Much of the work in developing linear algebra software for advancedarchitecture computers is motivated by the need to solve large problems on the fastest computers available. In this paper, we focus on four basic issues: (1) the motivation for the work; (2) the development of standards for use in linear algebra and the building blocks for a library; (3) aspects of templates for the solution of large sparse systems of linear algorithm; and (4) templates for the solution of large sparse eigenvalue problems.

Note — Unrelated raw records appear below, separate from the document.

(* Let $\mathcal C\subseteq\mathbb F_2^n$ be a binary linear code with error correcting capability $t$, $\prec$ an admissible order, and $(N,G)$ the output of Algorithm R for $\mathcal C$ and $<_e$. Let $w\in[X]$ and let $\mathrm{Can}(w,G)$ be an irreducible word obtained from $w$ by a finite sequence of one-step reductions modulo $G$. If $\mathrm{weight}(\psi(\mathrm{Can}(w,G)))\le t$, then $\psi(w)\in B(\mathcal C,t)$ and $\psi(\mathrm{Can}(w,G))$ is the error vector of $\psi(w)$, i.e. the unique $e\in\mathbb F_2^n$ with $\mathrm{weight}(e)\le t$ and $\psi(w)-e\in\mathcal C$. If $\mathrm{weight}(\psi(\mathrm{Can}(w,G)))>t$, then $\psi(w)$ contains more than $t$ errors, i.e. $\psi(w)\notin B(\mathcal C,t)$.
   Context: Binary setting: $[X]$ is the free commutative monoid on $X=\{x_1,\dots,x_n\}$; $\psi(\prod x_i^{\beta_i})=(\beta_i\bmod 2)_i\in\mathbb F_2^n$; $\mathcal C$ has dimension $k$ and parity check matrix $H$ ($n\times(n-k)$, $\mathcal C=\{c:cH=0\}$); syndrome $\xi(w)=\psi(w)H$. Weight is Hamming weight, $d$ the minimum distance, $t=\lfloor(d-1)/2\rfloor$, and $B(\mathcal C,t)=\{y\in\mathbb F_2^n:\exists c\in\mathcal C,\ d(c,y)\le t\}$. $\mathrm{Ind}(w)=\{i:x_i\mid w\}$; error-vector order: $u<_e w$ iff $|\mathrm{Ind}(u)|<|\mathrm{Ind}(w)|$, or equality and $u\prec w$. Algorithm R: list $L$ sorted increasingly by $<_e$, set $N$, set $G$ of binomials; initially $L=(1)$, $N=G=\emptyset$. While $L\ne\emptyset$: remove the $<_e$-smallest $w$; if $w$ is divisible by the leading word of a binomial in $G$, discard it; otherwise if some $w'\in N$ has $\xi(w')=\xi(w)$, add $w-w'$ to $G$ with leading word $w$; else add $w$ to $N$ and insert all $wx$ ($x\in X$) into $L$. Output $(N,G)$. One-step reduction modulo $G$: a non-standard word (some exponent $\ge 2$) reduces to its standard form (exponents mod 2); a standard word $w=us$ with $u-u'\in G$ of leading word $u$ reduces to $u's$. Irreducible means no reduction applies. *)

theory Defs
  imports Main
begin

text \<open>A word is represented by its exponent vector; indices are 0..n-1.\<close>
type_synonym word = "nat \<Rightarrow> nat"

definition words :: "nat \<Rightarrow> word set" where
  "words n = {w. \<forall>i. n \<le> i \<longrightarrow> w i = 0}"

definition one_w :: word where
  "one_w = (\<lambda>_. 0)"

definition wmult :: "word \<Rightarrow> word \<Rightarrow> word" where
  "wmult u w = (\<lambda>i. u i + w i)"

definition var :: "nat \<Rightarrow> word" where
  "var i = (\<lambda>j. if j = i then 1 else 0)"

definition wdvd :: "word \<Rightarrow> word \<Rightarrow> bool" where
  "wdvd u w \<longleftrightarrow> (\<forall>i. u i \<le> w i)"

definition Ind :: "word \<Rightarrow> nat set" where
  "Ind w = {i. 1 \<le> w i}"

type_synonym vec = "nat \<Rightarrow> bool"

definition vecs :: "nat \<Rightarrow> vec set" where
  "vecs n = {v. \<forall>i. n \<le> i \<longrightarrow> \<not> v i}"

definition zero_vec :: vec where
  "zero_vec = (\<lambda>_. False)"

definition vadd :: "vec \<Rightarrow> vec \<Rightarrow> vec" where
  "vadd u v = (\<lambda>i. u i \<noteq> v i)"

definition weight :: "nat \<Rightarrow> vec \<Rightarrow> nat" where
  "weight n v = card {i. i < n \<and> v i}"

definition hdist :: "nat \<Rightarrow> vec \<Rightarrow> vec \<Rightarrow> nat" where
  "hdist n u v = weight n (vadd u v)"

definition psi :: "word \<Rightarrow> vec" where
  "psi w = (\<lambda>i. odd (w i))"

text \<open>H i j is the entry in row i < n, column j < m; syndrome of v is v H.\<close>
definition syn :: "nat \<Rightarrow> nat \<Rightarrow> (nat \<Rightarrow> nat \<Rightarrow> bool) \<Rightarrow> vec \<Rightarrow> vec" where
  "syn n m H v = (\<lambda>j. j < m \<and> odd (card {i. i < n \<and> v i \<and> H i j}))"

definition code :: "nat \<Rightarrow> nat \<Rightarrow> (nat \<Rightarrow> nat \<Rightarrow> bool) \<Rightarrow> vec set" where
  "code n m H = {c \<in> vecs n. syn n m H c = zero_vec}"

definition xi :: "nat \<Rightarrow> nat \<Rightarrow> (nat \<Rightarrow> nat \<Rightarrow> bool) \<Rightarrow> word \<Rightarrow> vec" where
  "xi n m H w = syn n m H (psi w)"

definition min_dist :: "nat \<Rightarrow> vec set \<Rightarrow> nat" where
  "min_dist n C = Min {weight n c | c. c \<in> C \<and> c \<noteq> zero_vec}"

definition tcap :: "nat \<Rightarrow> vec set \<Rightarrow> nat" where
  "tcap n C = (min_dist n C - 1) div 2"

definition ball_code :: "nat \<Rightarrow> vec set \<Rightarrow> nat \<Rightarrow> vec set" where
  "ball_code n C t = {y \<in> vecs n. \<exists>c\<in>C. hdist n c y \<le> t}"

definition error_vector :: "nat \<Rightarrow> vec set \<Rightarrow> nat \<Rightarrow> vec \<Rightarrow> vec" where
  "error_vector n C t y = (THE e. e \<in> vecs n \<and> weight n e \<le> t \<and> vadd y e \<in> C)"

definition admissible :: "nat \<Rightarrow> (word \<Rightarrow> word \<Rightarrow> bool) \<Rightarrow> bool" where
  "admissible n prec \<longleftrightarrow>
     (\<forall>u\<in>words n. \<not> prec u u) \<and>
     (\<forall>u\<in>words n. \<forall>v\<in>words n. \<forall>w\<in>words n. prec u v \<longrightarrow> prec v w \<longrightarrow> prec u w) \<and>
     (\<forall>u\<in>words n. \<forall>v\<in>words n. u \<noteq> v \<longrightarrow> prec u v \<or> prec v u) \<and>
     (\<forall>w\<in>words n. w \<noteq> one_w \<longrightarrow> prec one_w w) \<and>
     (\<forall>u\<in>words n. \<forall>w\<in>words n. \<forall>s\<in>words n. prec u w \<longrightarrow> prec (wmult u s) (wmult w s))"
lemma Fop_Phi_eq:
  assumes "N > 0"
  shows "Fop N (Phi N m)
       = (\<lambda>y. Ex (BT_S_Phi N m) y + cis (- pi * real N * y) * Ox (BT_S_Phi N m) y)"
proof -
  have "real N * (2 * of_int m / real N) \<in> \<int>"
    using assms by simp
  note projections = Bproj_dirac_comb2[OF assms this] Tproj_dirac_comb2[OF assms this]
  show ?thesis
    unfolding Fop_def Let_def Sdil_Phi_eq_dirac_comb2 projections Xpow_eq Ypow_def
    by (simp add: BT_S_Phi_def[abs_def] mult_ac)
qed

lemma BT_S_Phi_supported:
  assumes "N > 0" "BT_S_Phi N m y \<noteq> 0"
  shows "y \<in> lattice N"
proof (rule ccontr)
  assume "y \<notin> lattice N"
  moreover from this have "y - 1 \<notin> lattice N"
    using lattice_add_of_int_iff[OF assms(1), of "y - 1" 1] by simp
  ultimately show False
    using assms(2) by (simp add: BT_S_Phi_def mode_comb_def)
qed

lemma BT_S_Phi_shift:
  assumes "N > 0" "even N"
  shows "BT_S_Phi N m (y + 1) = cis (- pi * real N * y) * BT_S_Phi N m y"
proof -
  let ?c = "of_real (sqrt 2 / sqrt (real N)) / 2 :: complex" and ?a = "2 * of_int m / real N"
  have "mode_comb N ?c ?a {..<N} (y + 1) + mode_comb N ?c ?a {N..<2 * N} y
      = cis (- pi * real N * y)
        * (mode_comb N ?c ?a {..<N} y + mode_comb N ?c ?a {N..<2 * N} (y - 1))"
  proof (rule shift_eq_twisted)
    fix x
    show "per2 (mode_comb N ?c ?a {N..<2 * N})"
      using assms(1) by (rule per2_mode_comb)
    show "mode_comb N ?c ?a {N..<2 * N} x = cis (- pi * real N * x) * mode_comb N ?c ?a {..<N} x"
      using assms(1) by (rule mode_comb_upper_half)
    show "cis (- pi * real N * (x + 1)) = cis (- pi * real N * x)"
      using assms(2) by (rule cis_lattice_shift)
    assume "mode_comb N ?c ?a {..<N} x \<noteq> 0"
    thus "cis (- pi * real N * x) * cis (- pi * real N * x) = 1"
      using assms(1) by (intro cis_lattice_square mode_comb_supported)
  qed
  thus ?thesis by (simp add: BT_S_Phi_def)
qed

lemma Fop_Phi_supported:
  assumes "N > 0" "Fop N (Phi N m) y \<noteq> 0"
  shows "y \<in> lattice N"
  using assms BT_S_Phi_supported[OF assms(1)]
  by (auto simp: Fop_Phi_eq Ex_def Ox_def split: if_splits)

theorem mainTheorem3:
  fixes N :: nat
  assumes "N > 0" and "even N"
  shows "\<forall>m::int. Xpow N 1 (Fop N (Phi N m)) = Fop N (Phi N m)
                 \<and> Ypow 1 (Fop N (Phi N m)) = Fop N (Phi N m)"
proof (intro allI conjI)
  fix m :: int
  show "Xpow N 1 (Fop N (Phi N m)) = Fop N (Phi N m)"
    using assms(1) Fop_Phi_supported[OF assms(1)] by (rule Xpow_1_lattice_supported)
  show "Ypow 1 (Fop N (Phi N m)) = Fop N (Phi N m)"
    unfolding Fop_Phi_eq[OF assms(1)]
  proof (rule Ypow_1_Ex_twisted_Ox)
    fix y
    show "cis (- pi * real N * (y + 1)) = cis (- pi * real N * y)"
      using assms(2) by (rule cis_lattice_shift)
    show "BT_S_Phi N m (y + 1) = cis (- pi * real N * y) * BT_S_Phi N m y"
      using assms by (rule BT_S_Phi_shift)
    assume "BT_S_Phi N m y \<noteq> 0"
    thus "cis (- pi * real N * y) * cis (- pi * real N * y) = 1"
      using assms(1) by (intro cis_lattice_square BT_S_Phi_supported)
  qed
qed

end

This last project is under development and we will pay more attention to it in this paper.
This work was made possible in part by grants from the Defense Advanced Research Projects Agency under contract DAAL03-91-C-0047 administered by the Army Research Office, the Office of Scientific Computing U.S. Department of Energy under Contract DE-AC05-84OR21400, the National Science Foundation Science and Technology Center Cooperative Agreement No. CCR-8809615, and National Science Foundation Grant No. ASC-9005933.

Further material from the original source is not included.